## [THE RECORDS]
lemma padic_solutions_dense_empty:
  fixes M :: "'i \<Rightarrow> 'j \<Rightarrow> int"
  assumes "1 < p"
  shows "padic_solutions_dense p {} J M c"
  unfolding padic_solutions_dense_def
proof (intro allI impI)
  fix y :: "'j \<Rightarrow> real" and e :: real
  assume "e > 0"
  then have "\<forall>j. \<exists>q. padic_rat p q \<and> \<bar>q - y j\<bar> < e"
    using padic_rat_dense[OF assms] by blast
  then obtain x where "\<forall>j. padic_rat p (x j) \<and> \<bar>x j - y j\<bar> < e"
    by metis
  then show "\<exists>x. padic_on p J x \<and> solves {} J M c x \<and> (\<forall>j\<in>J. \<bar>x j - y j\<bar> < e)"
    by (auto simp: padic_on_def solves_def)
qed

lemma padic_dual_subset:
  fixes M :: "'i \<Rightarrow> 'j \<Rightarrow> int"
  assumes "padic_dual p I' J M c" "finite I'" "I \<subseteq> I'"
  shows "padic_dual p I J M c"
  unfolding padic_dual_def
proof (intro allI impI)
  fix z :: "'i \<Rightarrow> real"
  define z' where "z' i = (if i \<in> I then z i else 0)" for i
  have sum_z': "(\<Sum>i\<in>I'. z' i * f i) = (\<Sum>i\<in>I. z i * f i)" for f :: "'i \<Rightarrow> real"
    using assms(2,3) by (intro sum.mono_neutral_cong_right) (auto simp: z'_def)
  assume "\<forall>j\<in>J. (\<Sum>i\<in>I. z i * of_int (M i j)) \<in> \<int>"
  then show "padic_rat p (\<Sum>i\<in>I. z i * c i)"
    using assms(1) unfolding padic_dual_def sum_z'[symmetric] by blast
qed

## [EXERCISE]
Output all entries exactly as given above.

## [TASK SOLUTION]
lemma padic_solutions_dense_empty:
  fixes M :: "'i \<Rightarrow> 'j \<Rightarrow> int"
  assumes "1 < p"
  shows "padic_solutions_dense p {} J M c"
  unfolding padic_solutions_dense_def
proof (intro allI impI)
  fix y :: "'j \<Rightarrow> real" and e :: real
  assume "e > 0"
  then have "\<forall>j. \<exists>q. padic_rat p q \<and> \<bar>q - y j\<bar> < e"
    using padic_rat_dense[OF assms] by blast
  then obtain x where "\<forall>j. padic_rat p (x j) \<and> \<bar>x j - y j\<bar> < e"
    by metis
  then show "\<exists>x. padic_on p J x \<and> solves {} J M c x \<and> (\<forall>j\<in>J. \<bar>x j - y j\<bar> < e)"
    by (auto simp: padic_on_def solves_def)
qed

lemma padic_dual_subset:
  fixes M :: "'i \<Rightarrow> 'j \<Rightarrow> int"
  assumes "padic_dual p I' J M c" "finite I'" "I \<subseteq> I'"
  shows "padic_dual p I J M c"
  unfolding padic_dual_def
proof (intro allI impI)
  fix z :: "'i \<Rightarrow> real"
  define z' where "z' i = (if i \<in> I then z i else 0)" for i
  have sum_z': "(\<Sum>i\<in>I'. z' i * f i) = (\<Sum>i\<in>I. z i * f i)" for f :: "'i \<Rightarrow> real"
    using assms(2,3) by (intro sum.mono_neutral_cong_right) (auto simp: z'_def)
  assume "\<forall>j\<in>J. (\<Sum>i\<in>I. z i * of_int (M i j)) \<in> \<int>"
  then show "padic_rat p (\<Sum>i\<in>I. z i * c i)"
    using assms(1) unfolding padic_dual_def sum_z'[symmetric] by blast
qed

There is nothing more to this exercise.